A long way from being the shortest, but I think it's the closest to meeting the timing constraints. I saved 14 bytes by assuming that the input file has been filtered to words of the right lengths; on my netbook, if you feed the whole words.txt then it spends the first minute preprocessing it, discarding most of what it produces, and then takes a mere 20 or so seconds to solve 7x7. On my desktop it does the whole thing in under 15 seconds, giving:

rascals
areolae
serrate
coroner
alanine
latents
seeress

I've let it run for over 50 hours without finding a solution to 8x7 or 8x8. 8-letter words seem to be a critical boundary for this problem - it just hovers around half-full without making much progress.

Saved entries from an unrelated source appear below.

(* Let $n=3/16$ and let $(a_i)_{i\ge0}$, $(b_i)_{i\ge0}$ be defined by $a_0=1$, $a_{i+1}=\frac{i(i+1)+n}{(i+1)(i+2)}a_i$ for $i\ge0$, $b_0=1/n$, $b_1=-1$, and $b_{i+1}=\frac{(2i-1)a_{i-1}-(2i+1)a_i+\{(i-1)i+n\}b_i}{i(i+1)}$ for $i\ge1$. Then for all $0<l'<1$, $$v(l') = 1+\sum_{i=0}^\infty\left(-\tfrac{9}{8}\ln 2\; a_i + n\, b_{i+1} + n\, a_i\ln l'\right) l'^{\,i+1}.$$ Explicitly, the first terms are $$v(l')=1-\Big(\tfrac98\ln2+\tfrac{3}{16}\Big)l'-\Big(\tfrac{27}{256}\ln2-\tfrac{51}{1024}\Big)l'^2-\Big(\tfrac{315}{8192}\ln2-\tfrac{177}{8192}\Big)l'^3+\cdots + l'\ln l'\Big(\tfrac{3}{16}+\tfrac{9}{512}l'+\tfrac{105}{16384}l'^2+\cdots\Big).$$
   Context: For $0\le m<1$ let $K(m)=\int_0^{\pi/2}(1-m\sin^2\phi)^{-1/2}\,d\phi$ and $E(m)=\int_0^{\pi/2}(1-m\sin^2\phi)^{1/2}\,d\phi$ (complete elliptic integrals of the first and second kinds). For $0<l'\le 1$ let $m(l')=(1-\sqrt{l'})/(1+\sqrt{l'})$. The Principal Field Emission Elliptic Function is $$v(l')=(1+\sqrt{l'})^{1/2}\left[E(m(l'))-\sqrt{l'}\,K(m(l'))\right],\qquad 0<l'\le 1.$$ *)

theory Defs
  imports "HOL-Analysis.Analysis"
begin

definition ellK :: "real \<Rightarrow> real" where
  "ellK m = integral {0..pi/2} (\<lambda>\<phi>. 1 / sqrt (1 - m * (sin \<phi>)^2))"

definition ellE :: "real \<Rightarrow> real" where
  "ellE m = integral {0..pi/2} (\<lambda>\<phi>. sqrt (1 - m * (sin \<phi>)^2))"

definition mfe :: "real \<Rightarrow> real" where
  "mfe l = (1 - sqrt l) / (1 + sqrt l)"

definition vfe :: "real \<Rightarrow> real" where
  "vfe l = sqrt (1 + sqrt l) * (ellE (mfe l) - sqrt l * ellK (mfe l))"

definition nfe :: real where "nfe = 3/16"

fun afe :: "nat \<Rightarrow> real" where
  "afe 0 = 1"
| "afe (Suc i) = (real i * (real i + 1) + nfe) / ((real i + 1) * (real i + 2)) * afe i"

text \<open>bfe (Suc (Suc i)) is b_{j+1} with j = i+1 \<ge> 1.\<close>
fun bfe :: "nat \<Rightarrow> real" where
  "bfe 0 = 1 / nfe"
| "bfe (Suc 0) = -1"
| "bfe (Suc (Suc i)) =
     ((2 * real (Suc i) - 1) * afe i - (2 * real (Suc i) + 1) * afe (Suc i)
      + (real i * real (Suc i) + nfe) * bfe (Suc i)) / (real (Suc i) * (real (Suc i) + 1))"

end

theory Submission
  imports Defs "HOL-Real_Asymp.Real_Asymp"
begin

(* Put nu = 3/16.  Both v and the claimed expansion solve the linear equation
   l (1 - l) y'' = nu y on (0,1):
   - for the series W = -(9/8) ln 2 A + nu B + nu ln l A, with A = sum a_i l^(i+1) and
     B = sum b_i l^i, this is the Frobenius method: the recurrences for a_i and b_i are
     exactly the coefficient conditions of the equation (Sections 1-3);
   - for v it follows from Legendre's formulas for dK/dm and dE/dm, which give
     v' = -(3/4) K(m) / sqrt(1 + sqrt l) and v'' = nu v / (l (1 - l)) (Sections 5-6).
   Both satisfy y -> 1 and y' - nu ln l -> -(9/8) ln 2 as l -> 0+; for v this rests on
   the logarithmic singularity K(1 - e) = ln (4 / sqrt e) + o(1) (Section 7).  Hence
   W - v solves the equation with zero data at 0+, and a uniqueness theorem for this
   singular equation (Section 4) gives W = v; the series for v - 1 is then read off. *)

section \<open>The coefficient sequences\<close>

text \<open>The recurrence for the sequence \<open>afe\<close> multiplies by a factor in \<open>[0,1]\<close>, so
  \<open>0 < a\<^sub>i \<le> 1\<close>; this is all the growth information the power series need.\<close>

lemma afe_pos: "0 < afe i"
proof (induction i)
  case (Suc i)
  have "0 < (real i * (real i + 1) + nfe) / ((real i + 1) * (real i + 2))"
    by (simp add: nfe_def add_nonneg_pos)
  then show ?case unfolding afe.simps using Suc by (rule mult_pos_pos)
qed simp

lemma afe_le_one: "afe i \<le> 1"
proof (induction i)
  case (Suc i)
  have "(real i * (real i + 1) + nfe) / ((real i + 1) * (real i + 2)) \<le> 1"
    by (simp add: nfe_def divide_le_eq algebra_simps)
       (smt (verit) of_nat_0_le_iff zero_le_mult_iff)
  then show ?case
    unfolding afe.simps by (rule mult_le_one) (use Suc afe_pos[of i] in \<open>auto simp: nfe_def\<close>)
qed simp

lemma abs_afe_le_one: "\<bar>afe i\<bar> \<le> 1"
  using afe_pos[of i] afe_le_one[of i] by simp

declare afe.simps(2)[simp del]

text \<open>The coefficients \<open>b\<^sub>i\<close> grow at most linearly: the recurrence adds at most
  \<open>4/(i+2) \<le> 2\<close> to \<open>|b\<^sub>i|\<close> in each step.\<close>

lemma abs_bfe_le: "\<bar>bfe i\<bar> \<le> 2 * real i + 6"
proof (induction i rule: bfe.induct)
  case (3 i)
  let ?k = "real (Suc i)"
  have den: "0 < ?k * (?k + 1)" by simp
  have "\<bar>(2 * ?k - 1) * afe i\<bar> \<le> 2 * ?k - 1" "\<bar>(2 * ?k + 1) * afe (Suc i)\<bar> \<le> 2 * ?k + 1"
    using abs_afe_le_one[of i] abs_afe_le_one[of "Suc i"]
    by (simp_all add: abs_mult mult_left_le)
  moreover have "\<bar>(real i * ?k + nfe) * bfe (Suc i)\<bar> \<le> ?k * (?k + 1) * \<bar>bfe (Suc i)\<bar>"
    by (simp add: abs_mult nfe_def) (intro mult_right_mono; simp add: field_simps)
  ultimately have "\<bar>(2 * ?k - 1) * afe i - (2 * ?k + 1) * afe (Suc i) + (real i * ?k + nfe) * bfe (Suc i)\<bar>
        \<le> 4 * ?k + ?k * (?k + 1) * \<bar>bfe (Suc i)\<bar>"
    by linarith
  then have "\<bar>bfe (Suc (Suc i))\<bar> \<le> (4 * ?k + ?k * (?k + 1) * \<bar>bfe (Suc i)\<bar>) / (?k * (?k + 1))"
    using den by (simp add: abs_divide divide_right_mono)
  also have "\<dots> = 4 / (?k + 1) + \<bar>bfe (Suc i)\<bar>"
    using den by (simp add: field_simps)
  also have "\<dots> \<le> 2 + \<bar>bfe (Suc i)\<bar>"
    by (simp add: field_simps)
  finally show ?case using "3" by simp
qed (simp_all add: nfe_def)


section \<open>Power series converging on the open unit interval\<close>

definition powser :: "(nat \<Rightarrow> real) \<Rightarrow> real \<Rightarrow> real" where
  "powser c x = (\<Sum>n. c n * x ^ n)"

definition unit_radius :: "(nat \<Rightarrow> real) \<Rightarrow> bool" where
  "unit_radius c \<longleftrightarrow> (\<forall>x. \<bar>x\<bar> < 1 \<longrightarrow> summable (\<lambda>n. c n * x ^ n))"

text \<open>Coefficients of linear growth give radius at least 1, by comparison with
  \<open>\<Sum> (n+1) |x|\<^sup>n\<close>, the derivative of the geometric series.\<close>

lemma unit_radius_linear_growth:
  assumes "\<And>n. \<bar>c n\<bar> \<le> C * real (Suc n)"
  shows "unit_radius c"
  unfolding unit_radius_def
proof (intro allI impI)
  fix x :: real assume x: "\<bar>x\<bar> < 1"
  have "summable (\<lambda>n. diffs (\<lambda>_. 1::real) n * \<bar>x\<bar> ^ n)"
    by (rule termdiff_converges[where K=1]) (use x in \<open>auto intro: summable_geometric\<close>)
  then have geom': "summable (\<lambda>n. C * (real (Suc n) * \<bar>x\<bar> ^ n))"
    by (simp add: diffs_def summable_mult)
  show "summable (\<lambda>n. c n * x ^ n)"
  proof (rule summable_comparison_test[OF _ geom'], intro exI allI impI)
    fix n :: nat
    have "\<bar>c n\<bar> * \<bar>x\<bar> ^ n \<le> (C * real (Suc n)) * \<bar>x\<bar> ^ n"
      using assms[of n] by (intro mult_right_mono) auto
    then show "norm (c n * x ^ n) \<le> C * (real (Suc n) * \<bar>x\<bar> ^ n)"
      by (simp add: abs_mult power_abs)
  qed
qed

lemma unit_radius_diffs: "unit_radius c \<Longrightarrow> unit_radius (diffs c)"
  unfolding unit_radius_def by (auto intro!: termdiff_converges[where K=1])

lemma powser_sums: "unit_radius c \<Longrightarrow> \<bar>x\<bar> < 1 \<Longrightarrow> (\<lambda>n. c n * x ^ n) sums powser c x"
  unfolding unit_radius_def powser_def by (auto intro!: summable_sums)

lemma powser_deriv:
  "unit_radius c \<Longrightarrow> \<bar>x\<bar> < 1 \<Longrightarrow> (powser c has_real_derivative powser (diffs c) x) (at x)"
  unfolding powser_def unit_radius_def by (rule termdiffs_strong'[where K=1]) auto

The approach used is full pivoting and a heuristic based on the number of possible horizontal completions times the number of possible vertical completions. E.g. if we have intermediate grid

*ean*
algae
*ar**
*ier*
*nee*

then we give the top-left corner a heuristic value of count(aean*)count(aa***) + count(bean*)count(ba***) + ... + count(zean*)count(za***). Of all the cells we pick the one with the smallest heuristic value (i.e. hardest to satisfy), and then work though the letters in descending order of the amount they contributed to the heuristic value of that cell (i.e. starting with the most likely to succeed).